La storia del cristianesimo riflette e prega sulla morte del Signore. Se prima della sua morte ci sono stati episodi di ingiustizia e di persecuzione, il punto più alto della tragedia è in quel «si fece buio in tutta la terra».

La sintesi è dettata dalla preghiera di Gesù nel Getsemani che i tre Vangeli sinottici riportano con parole simili: Mt 26, 30-46; Mc 14, 26-42; Lc 22,39-46.1

La descrizione più realistica della tristezza di Gesù di fronte alla morte è narrata dal Vangelo di Marco.2

I verbi usati dal testo indicano sgomento, angoscia, tristezza.
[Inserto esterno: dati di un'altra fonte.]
(* Consider a Functional DCOP (as defined in the context) in which every utility function is binary and differentiable. Suppose discrete DPOP is applied to it after discretizing the domains so that, for every utility function $f(x_i, x_{i_1}, \dots, x_{i_k})$ handled by an agent $x_i$ with separator agents $x_{i_1},\dots,x_{i_k}$, the domain of $f$ is partitioned into hypercubes of size $m$ (i.e., the distance between two neighbouring discrete points of the same variable is $m$). Assume that $|\nabla f(v)| \le \delta$ for every utility function $f$ of the problem and every point $v$ of its domain, where for $v=(v_i,v_{i_1},\dots,v_{i_k})$, $$|\nabla f(v)| = \left|\frac{\partial f}{\partial x_i}(v)\right| + \left|\frac{\partial f}{\partial x_{i_1}}(v)\right| + \dots + \left|\frac{\partial f}{\partial x_{i_k}}(v)\right|.$$ Then the error bound of discrete DPOP is $|\mathbf{F}|\, m\, \delta$; that is, the utility $\mathbf{F}$ of the complete solution returned by discrete DPOP is at least $\max_{\mathbf{x}} \mathbf{F}(\mathbf{x}) - |\mathbf{F}|\, m\,\delta$, where $|\mathbf{F}|$ is the number of utility functions.
   Context: A Functional DCOP (F-DCOP) is a tuple $\langle \mathbf{A}, \mathbf{X}, \mathbf{D}, \mathbf{F}, \alpha\rangle$: $\mathbf{A}$ is a finite set of agents; $\mathbf{X}=\{x_1,\dots,x_n\}$ is a set of continuous decision variables; $\mathbf{D}=\{D_x\}$ where each $x$ takes values in an interval $D_x=[LB_x,UB_x]$; $\mathbf{F}=\{f_1,\dots,f_m\}$ is a set of utility functions, each $f$ defined on $\prod_{x\in \mathrm{scope}(f)} D_x$ with values in $\mathbb{R}\cup\{-\infty\}$; $\alpha:\mathbf{X}\to\mathbf{A}$ maps variables to agents. Each agent controls exactly one variable (agents and variables are identified) and every utility function is binary. The utility of a complete assignment $\mathbf{x}$ is $\mathbf{F}(\mathbf{x})=\sum_{f\in\mathbf{F}} f(\mathbf{x})$, and the goal is to find $\mathbf{x}^*=\arg\max_{\mathbf{x}}\mathbf{F}(\mathbf{x})$. The constraint graph has a node per variable and an edge between two variables sharing a utility function. A pseudo-tree is a rooted spanning tree of the constraint graph (tree edges) such that the two variables of every utility function lie on the same root-to-leaf branch; remaining edges are backedges. The separator of $x_i$ consists of the ancestors of $x_i$ that are connected to $x_i$ or to one of its descendants. Discrete DPOP: after building a pseudo-tree, each variable's domain is replaced by a finite set of discrete points. In the UTIL phase, starting from the leaves, each agent adds the utilities of its functions with its separator and the UTIL tables received from its children, for every combination of discrete values of itself and its separator, then projects out its own variable by maximizing over it, and sends the resulting table (a function of its separator's values) to its parent. In the VALUE phase, starting from the root, each agent picks its best value given the values of its separator and sends the values down to its children. *)

theory Defs
  imports "HOL-Analysis.Analysis"
begin

text \<open>Variables (= agents) range over a finite type 'v, utility
  functions are indexed by a finite type 'f. Function k has scope (sa k, sb k) and
  utility util_fn k applied to the pair of values (value of sa k, value of sb k).\<close>
record ('v, 'f) fdcop =
  lb :: "'v \<Rightarrow> real"
  ub :: "'v \<Rightarrow> real"
  sa :: "'f \<Rightarrow> 'v"
  sb :: "'f \<Rightarrow> 'v"
  util_fn :: "'f \<Rightarrow> real \<times> real \<Rightarrow> real"

definition total_utility :: "('v, 'f::finite) fdcop \<Rightarrow> ('v \<Rightarrow> real) \<Rightarrow> real" where
  "total_utility P x = (\<Sum>k\<in>UNIV. util_fn P k (x (sa P k), x (sb P k)))"

definition is_assignment :: "('v, 'f) fdcop \<Rightarrow> ('v \<Rightarrow> real) \<Rightarrow> bool" where
  "is_assignment P x \<longleftrightarrow> (\<forall>v. lb P v \<le> x v \<and> x v \<le> ub P v)"

definition fbox :: "('v, 'f) fdcop \<Rightarrow> 'f \<Rightarrow> (real \<times> real) set" where
  "fbox P k = {lb P (sa P k)..ub P (sa P k)} \<times> {lb P (sb P k)..ub P (sb P k)}"

definition tree_rel :: "('v \<Rightarrow> 'v option) \<Rightarrow> ('v \<times> 'v) set" where
  "tree_rel par = {(p, c). par c = Some p}"

definition anc :: "('v \<Rightarrow> 'v option) \<Rightarrow> 'v \<Rightarrow> 'v \<Rightarrow> bool" where
  "anc par a b \<longleftrightarrow> (a, b) \<in> (tree_rel par)\<^sup>+"

definition is_pseudo_tree :: "('v, 'f) fdcop \<Rightarrow> ('v \<Rightarrow> 'v option) \<Rightarrow> 'v \<Rightarrow> bool" where
  "is_pseudo_tree P par r \<longleftrightarrow>
     par r = None \<and>
     (\<forall>v. v \<noteq> r \<longrightarrow> par v \<noteq> None \<and> anc par r v) \<and>
     (\<forall>v. \<not> anc par v v) \<and>
     (\<forall>c p. par c = Some p \<longrightarrow> (\<exists>k. {sa P k, sb P k} = {c, p})) \<and>
     (\<forall>k. sa P k \<noteq> sb P k \<and> (anc par (sa P k) (sb P k) \<or> anc par (sb P k) (sa P k)))"

definition children :: "('v \<Rightarrow> 'v option) \<Rightarrow> 'v \<Rightarrow> 'v set" where
  "children par x = {c. par c = Some x}"

text \<open>The agent handling function k: the lower of its two variables in the pseudo-tree
  (the one whose separator contains the other).\<close>
definition handler :: "('v, 'f) fdcop \<Rightarrow> ('v \<Rightarrow> 'v option) \<Rightarrow> 'f \<Rightarrow> 'v" where
  "handler P par k = (if anc par (sa P k) (sb P k) then sb P k else sa P k)"

definition grid :: "('v, 'f) fdcop \<Rightarrow> real \<Rightarrow> 'v \<Rightarrow> real set" where
  "grid P m v = {lb P v + real n * m | n::nat. lb P v + real n * m \<le> ub P v}"

definition local_util :: "('v, 'f::finite) fdcop \<Rightarrow> ('v \<Rightarrow> 'v option) \<Rightarrow> 'v \<Rightarrow> ('v \<Rightarrow> real) \<Rightarrow> real" where
  "local_util P par x \<sigma> = (\<Sum>k\<in>{k. handler P par k = x}. util_fn P k (\<sigma> (sa P k), \<sigma> (sb P k)))"

text \<open>UTIL messages (with a fuel argument bounding the recursion depth). The
  message of x is a function of the assignment \<sigma>, of which only the separator
  values matter.\<close>
primrec utilmsg :: "('v, 'f::finite) fdcop \<Rightarrow> ('v \<Rightarrow> 'v option) \<Rightarrow> real \<Rightarrow> nat \<Rightarrow> 'v \<Rightarrow> ('v \<Rightarrow> real) \<Rightarrow> real" where
  "utilmsg P par m 0 x \<sigma> = 0"
| "utilmsg P par m (Suc n) x \<sigma> =
     Max ((\<lambda>d. local_util P par x (\<sigma>(x := d))
              + (\<Sum>c\<in>children par x. utilmsg P par m n c (\<sigma>(x := d)))) ` grid P m x)"

text \<open>The quantity agent x maximizes over its own discrete value in the VALUE phase.\<close>
definition dpop_body :: "('v::finite, 'f::finite) fdcop \<Rightarrow> ('v \<Rightarrow> 'v option) \<Rightarrow> real \<Rightarrow> 'v \<Rightarrow> ('v \<Rightarrow> real) \<Rightarrow> real" where
  "dpop_body P par m x \<sigma> = local_util P par x \<sigma>
      + (\<Sum>c\<in>children par x. utilmsg P par m CARD('v) c \<sigma>)"

text \<open>y is a possible output of discrete DPOP: every agent picks a discrete value
  that is best given the values chosen by its ancestors.\<close>
definition dpop_output :: "('v::finite, 'f::finite) fdcop \<Rightarrow> ('v \<Rightarrow> 'v option) \<Rightarrow> real \<Rightarrow> ('v \<Rightarrow> real) \<Rightarrow> bool" where
  "dpop_output P par m y \<longleftrightarrow>
     (\<forall>v. y v \<in> grid P m v) \<and>
     (\<forall>v. \<forall>d\<in>grid P m v. dpop_body P par m v (y(v := d)) \<le> dpop_body P par m v y)"

end

theory Submission
  imports Defs
begin

text \<open>Rounding every variable of an assignment x down to the grid moves it by less than m.
  The gradient bound is a bound on the dual of the sup norm, so by the mean value theorem on
  the segment between the two points each utility function loses at most m \<delta>, and the
  rounded grid assignment has utility at least F(x) - |F| m \<delta>. Discrete DPOP is exact on
  the grid: by induction over the pseudo-tree, the UTIL message of a node bounds the utility
  collected in its subtree by any grid assignment extending the separator values, with equality
  for the assignment chosen in the VALUE phase; at the root, the subtree utility is the total
  utility.\<close>

lemma linear_pair_abs_le:
  fixes D :: "real \<times> real \<Rightarrow> real"
  assumes "linear D"
  shows "\<bar>D v\<bar> \<le> max \<bar>fst v\<bar> \<bar>snd v\<bar> * (\<bar>D (1, 0)\<bar> + \<bar>D (0, 1)\<bar>)"
proof -
  interpret linear D by fact
  have "D v = D (fst v *\<^sub>R (1, 0) + snd v *\<^sub>R (0, 1))"
    by (cases v) simp
  also have "\<dots> = fst v * D (1, 0) + snd v * D (0, 1)"
    by (simp only: add scale real_scaleR_def)
  also have "\<bar>\<dots>\<bar> \<le> \<bar>fst v\<bar> * \<bar>D (1, 0)\<bar> + \<bar>snd v\<bar> * \<bar>D (0, 1)\<bar>"
    unfolding abs_mult [symmetric] by (rule abs_triangle_ineq)
  also have "\<dots> \<le> max \<bar>fst v\<bar> \<bar>snd v\<bar> * \<bar>D (1, 0)\<bar> + max \<bar>fst v\<bar> \<bar>snd v\<bar> * \<bar>D (0, 1)\<bar>"
    by (intro add_mono mult_right_mono) auto
  finally show ?thesis
    by (simp add: distrib_left)
qed

lemma differentiable_bound_sup_norm:
  fixes f :: "real \<times> real \<Rightarrow> real"
  assumes "convex B" "x \<in> B" "z \<in> B"
    and deriv: "\<forall>v\<in>B. \<exists>D. (f has_derivative D) (at v within B) \<and> \<bar>D (1, 0)\<bar> + \<bar>D (0, 1)\<bar> \<le> \<delta>"
  shows "\<bar>f x - f z\<bar> \<le> max \<bar>fst x - fst z\<bar> \<bar>snd x - snd z\<bar> * \<delta>"
proof -
  obtain Df where Df: "\<And>v. v \<in> B \<Longrightarrow> (f has_derivative Df v) (at v within B)"
    and Df_bound: "\<And>v. v \<in> B \<Longrightarrow> \<bar>Df v (1, 0)\<bar> + \<bar>Df v (0, 1)\<bar> \<le> \<delta>"
    using deriv by metis
  define p where "p t = z + t *\<^sub>R (x - z)" for t :: real
  have p_in: "p t \<in> B" if "0 \<le> t" "t \<le> 1" for t
  proof -
    have "p t = (1 - t) *\<^sub>R z + t *\<^sub>R x"
      by (simp add: p_def algebra_simps)
    then show ?thesis
      using convexD_alt[OF assms(1) assms(3) assms(2)] that by simp
  qed
  have p_deriv: "(p has_derivative (\<lambda>s. s *\<^sub>R (x - z))) (at t within {0..1})" for t
    unfolding p_def by (auto intro!: derivative_eq_intros)
  have "((\<lambda>t. f (p t)) has_derivative (\<lambda>s. Df (p t) (s *\<^sub>R (x - z)))) (at t within {0..1})"
    if "0 \<le> t" "t \<le> 1" for t
    by (rule has_derivative_in_compose2[OF Df _ _ p_deriv]) (use p_in that in auto)
  from mvt_very_simple[OF _ this]
  obtain t where t: "t \<in> {0..1}" and "f (p 1) - f (p 0) = Df (p t) (1 *\<^sub>R (x - z))"
    by auto
  then have "f x - f z = Df (p t) (x - z)"
    by (simp add: p_def)
  also have "\<bar>\<dots>\<bar> \<le> max \<bar>fst x - fst z\<bar> \<bar>snd x - snd z\<bar> * (\<bar>Df (p t) (1, 0)\<bar> + \<bar>Df (p t) (0, 1)\<bar>)"
    using linear_pair_abs_le[OF has_derivative_linear[OF Df[OF p_in]], of t "x - z"] t by simp
  also have "\<dots> \<le> max \<bar>fst x - fst z\<bar> \<bar>snd x - snd z\<bar> * \<delta>"
    using Df_bound[OF p_in] t by (intro mult_left_mono) auto
  finally show ?thesis .
qed
(* Let $\mu$ be a probability measure on $\mathbb R^d$ supported on the Euclidean ball $B(0,R)$, let $X_1,\dots,X_N$ be i.i.d. from $\mu$, and $\mu_N:=\frac1N\sum_{i=1}^N\delta_{X_i}$. Fix $\sigma>0$, let $\varphi_\sigma(x)=(2\pi\sigma^2)^{-d/2}\exp(-\|x\|^2/(2\sigma^2))$, and set $p:=\mu*\varphi_\sigma$, $q_N:=\mu_N*\varphi_\sigma=\frac1N\sum_i\varphi_\sigma(\cdot-X_i)$. Then for every $N\ge1$ and $\delta\in(0,1)$, with probability at least $1-\delta$, \[\mathrm{KL}(p\|q_N)\le\frac{2^{d/2}}{N}\exp\!\Big(\frac{17}{2}\frac{R^2}{\sigma^2}\Big)\Big(1+\sqrt{2\log(1/\delta)}\Big)^2.\] In particular, for any $a>0$, with probability at least $1-N^{-a}$, $\mathrm{KL}(p\|q_N)\le\frac{2^{d/2}}{N}\exp(\frac{17}{2}\frac{R^2}{\sigma^2})(1+\sqrt{2a\log N})^2$.
   Context: $\mathrm{KL}(p\|q)=\int p\log(p/q)$ for densities $p,q$. *)

theory Defs
  imports "HOL-Probability.Probability"
begin

definition gauss_kernel :: "real \<Rightarrow> 'a::euclidean_space \<Rightarrow> real" where
  "gauss_kernel \<sigma> x =
     (2 * pi * \<sigma>\<^sup>2) powr (- real DIM('a) / 2) * exp (- (norm x)\<^sup>2 / (2 * \<sigma>\<^sup>2))"

definition KL_div :: "('a::euclidean_space \<Rightarrow> real) \<Rightarrow> ('a \<Rightarrow> real) \<Rightarrow> ereal" where
  "KL_div p q =
     (if integrable lborel (\<lambda>x. p x * ln (p x / q x))
      then ereal (\<integral>x. p x * ln (p x / q x) \<partial>lborel) else \<infinity>)"

end

theory Submission
  imports Defs
begin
Il commento più lapidario del brano riassume in tre passaggi il dramma della morte che si avvicina: Gesù soffre, invoca, chiede compagnia.3

È il quadro di ogni dolore. La sofferenza può diventare insopportabile, per la tristezza che produce, per l’angoscia che ne deriva, fino ad averne paura. L’evangelista Luca aggiungerà. «E il suo sudore divenne come grumi di sangue, che scendevano sulla terra» (Lc 22, 44).

Quel «come» vuole indicare la drammaticità dell’evento che richiama sangue. Per chi, con amorevolezza e presenza, aiuta chi sta per morire, conosce molto bene i sentimenti espressi dai Sinottici.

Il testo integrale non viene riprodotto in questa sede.